lemma h_fun_eq_exp_assoc_fun:
  assumes pos: "\<And>k. 0 < m k" and "0 < v" and bound: "\<And>k. ln ((1 / v) ^ k / m k) \<le> B"
  shows "h_fun m v = exp (- assoc_fun m (1 / v))"
proof -
  define a where "a = assoc_fun m (1 / v)"
  have ln_term: "ln ((1 / v) ^ k / m k) = - ln (m k * v ^ k)" for k
    using pos[of k] \<open>0 < v\<close> by (simp add: power_one_over ln_div)
  have "exp (- a) \<le> m k * v ^ k" for k
  proof -
    have "- ln (m k * v ^ k) \<le> a"
      using assoc_fun_upper[of "1 / v" m B k] bound \<open>0 < v\<close> ln_term by (simp add: a_def)
    then show ?thesis
      using pos[of k] \<open>0 < v\<close> by (simp add: ln_ge_iff[symmetric])
  qed
  then have lower: "exp (- a) \<le> h_fun m v"
    unfolding h_fun_def by (intro cINF_greatest) auto
  then have "0 < h_fun m v"
    by (rule less_le_trans[OF exp_gt_zero])
  have "h_fun m v \<le> m k * v ^ k" for k
    unfolding h_fun_def using pos \<open>0 < v\<close>
    by (intro cINF_lower bdd_belowI2[where m = 0]) (auto intro: less_imp_le)
  then have "a \<le> - ln (h_fun m v)"
    unfolding a_def using pos \<open>0 < v\<close> \<open>0 < h_fun m v\<close>
    by (intro assoc_fun_least) (auto simp: ln_term)
  then have "h_fun m v \<le> exp (- a)"
    using \<open>0 < h_fun m v\<close> by (metis exp_le_cancel_iff exp_ln le_minus_iff)
  with lower show ?thesis
    by (simp add: a_def)
qed
(* Let $X$ be a countably infinite set and $W=\{0,1\}^X$. The Sum Preorder $\succeq_{SP}$ is the largest relation in the set of preorders on $W$ satisfying Strong Pareto and Permutation Invariance. That is, $\succeq_{SP}$ is a preorder on $W$ satisfying both axioms, and for every preorder $\succeq$ on $W$ satisfying both axioms and all $w,v\in W$, $w\succeq v$ implies $w\succeq_{SP} v$.
   Context: Worlds are functions $w:X\to\mathbb R$. For a preorder $\succeq$, $w\succ v$ means $w\succeq v$ and not $v\succeq w$. For a permutation $\pi$ of $X$, $\pi(w)(x)=w(\pi(x))$. Strong Pareto: for all $w,v\in W$, if $w(x)\ge v(x)$ for all $x$ and $w(x)>v(x)$ for some $x$, then $w\succ v$. Permutation Invariance: for all $w,v\in W$ and every permutation $\pi$ of $X$, $w\succeq v$ iff $\pi(w)\succeq\pi(v)$. A series $\sum_{x\in X}a_x$ converges unconditionally (diverges unconditionally to $+\infty$) if it converges to the same value (diverges to $+\infty$) under every enumeration of $X$. Sum Preorder: $w\succeq_{SP} v$ iff $\sum_{x\in X}(w(x)-v(x))$ converges unconditionally to some $r\ge 0$ or diverges unconditionally to $+\infty$. A relation $\succeq$ weakly extends $\succeq'$ if $w\succeq' v$ implies $w\succeq v$; a relation is the largest in a set $\mathcal R$ of relations if it belongs to $\mathcal R$ and weakly extends every member of $\mathcal R$. *)

theory Defs
  imports "HOL-Analysis.Analysis"
begin
(* Let $\Bbbk$ be a field and let $B$ be a filtered bialgebra over $\Bbbk$ (filtration $B_0\subset B_1\subset\cdots$, $\bigcup_n B_n=B$) such that $B_0$ is spanned by group-like elements. Let $I\subset B$ be the two-sided ideal generated by all elements $1-x$ with $x$ group-like. Then $I$ is also a two-sided coideal (i.e. $\Delta(I)\subset I\otimes B+B\otimes I$ and $\epsilon(I)=0$), and the quotient bialgebra $H:=B/I$, with the induced filtration $H_n:=$ image of $B_n$, is connected (i.e. $H_0=\Bbbk\cdot 1$); hence $H$ is a Hopf algebra.
   Context: A filtered bialgebra is a bialgebra $(B,m,1,\Delta,\epsilon)$ with an increasing sequence of subspaces $B_0\subset B_1\subset\cdots$, $\bigcup_n B_n=B$, such that $1\in B_0$, $B_iB_j\subset B_{i+j}$ and $\Delta(B_n)\subset\sum_{i+j=n}B_i\otimes B_j$. An element $x\neq 0$ is group-like if $\Delta(x)=x\otimes x$. *)

theory Defs
  imports Main HOL.Vector_Spaces "HOL-Library.Function_Algebras"
begin

text \<open>Elements of B (x) B are modelled as finitely supported formal
  sums t :: 'b * 'b => 'k modulo the bilinearity relations; similarly for B (x) B (x) B.\<close>

definition fs_scale :: "'k::times \<Rightarrow> ('x \<Rightarrow> 'k) \<Rightarrow> ('x \<Rightarrow> 'k)" where
  "fs_scale c t = (\<lambda>p. c * t p)"

definition supp :: "('x \<Rightarrow> 'k::zero) \<Rightarrow> 'x set" where
  "supp t = {p. t p \<noteq> 0}"

definition delta :: "'x \<Rightarrow> ('x \<Rightarrow> 'k::{zero,one})" where
  "delta p = (\<lambda>q. if q = p then 1 else 0)"

definition rel2 :: "('k::field \<Rightarrow> 'b::ab_group_add \<Rightarrow> 'b) \<Rightarrow> ('b \<times> 'b \<Rightarrow> 'k) set" where
  "rel2 sc =
     {delta (sc a x + x', y) - (fs_scale a (delta (x, y)) + delta (x', y)) | a x x' y. True}
   \<union> {delta (x, sc a y + y') - (fs_scale a (delta (x, y)) + delta (x, y')) | a x y y'. True}"

definition rel3 :: "('k::field \<Rightarrow> 'b::ab_group_add \<Rightarrow> 'b) \<Rightarrow> ('b \<times> 'b \<times> 'b \<Rightarrow> 'k) set" where
  "rel3 sc =
     {delta (sc a x + x', y, z) - (fs_scale a (delta (x, y, z)) + delta (x', y, z)) | a x x' y z. True}
   \<union> {delta (x, sc a y + y', z) - (fs_scale a (delta (x, y, z)) + delta (x, y', z)) | a x y y' z. True}
   \<union> {delta (x, y, sc a z + z') - (fs_scale a (delta (x, y, z)) + delta (x, y, z')) | a x y z z'. True}"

• What the exercise asks:
Although the records may continue, retype only the lines from the first one through the one containing "add: power_one_over ln_div)", exactly as they appear.

• Your solution:
lemma h_fun_eq_exp_assoc_fun:
  assumes pos: "\<And>k. 0 < m k" and "0 < v" and bound: "\<And>k. ln ((1 / v) ^ k / m k) \<le> B"
  shows "h_fun m v = exp (- assoc_fun m (1 / v))"
proof -
  define a where "a = assoc_fun m (1 / v)"
  have ln_term: "ln ((1 / v) ^ k / m k) = - ln (m k * v ^ k)" for k
    using pos[of k] \<open>0 < v\<close> by (simp add: power_one_over ln_div)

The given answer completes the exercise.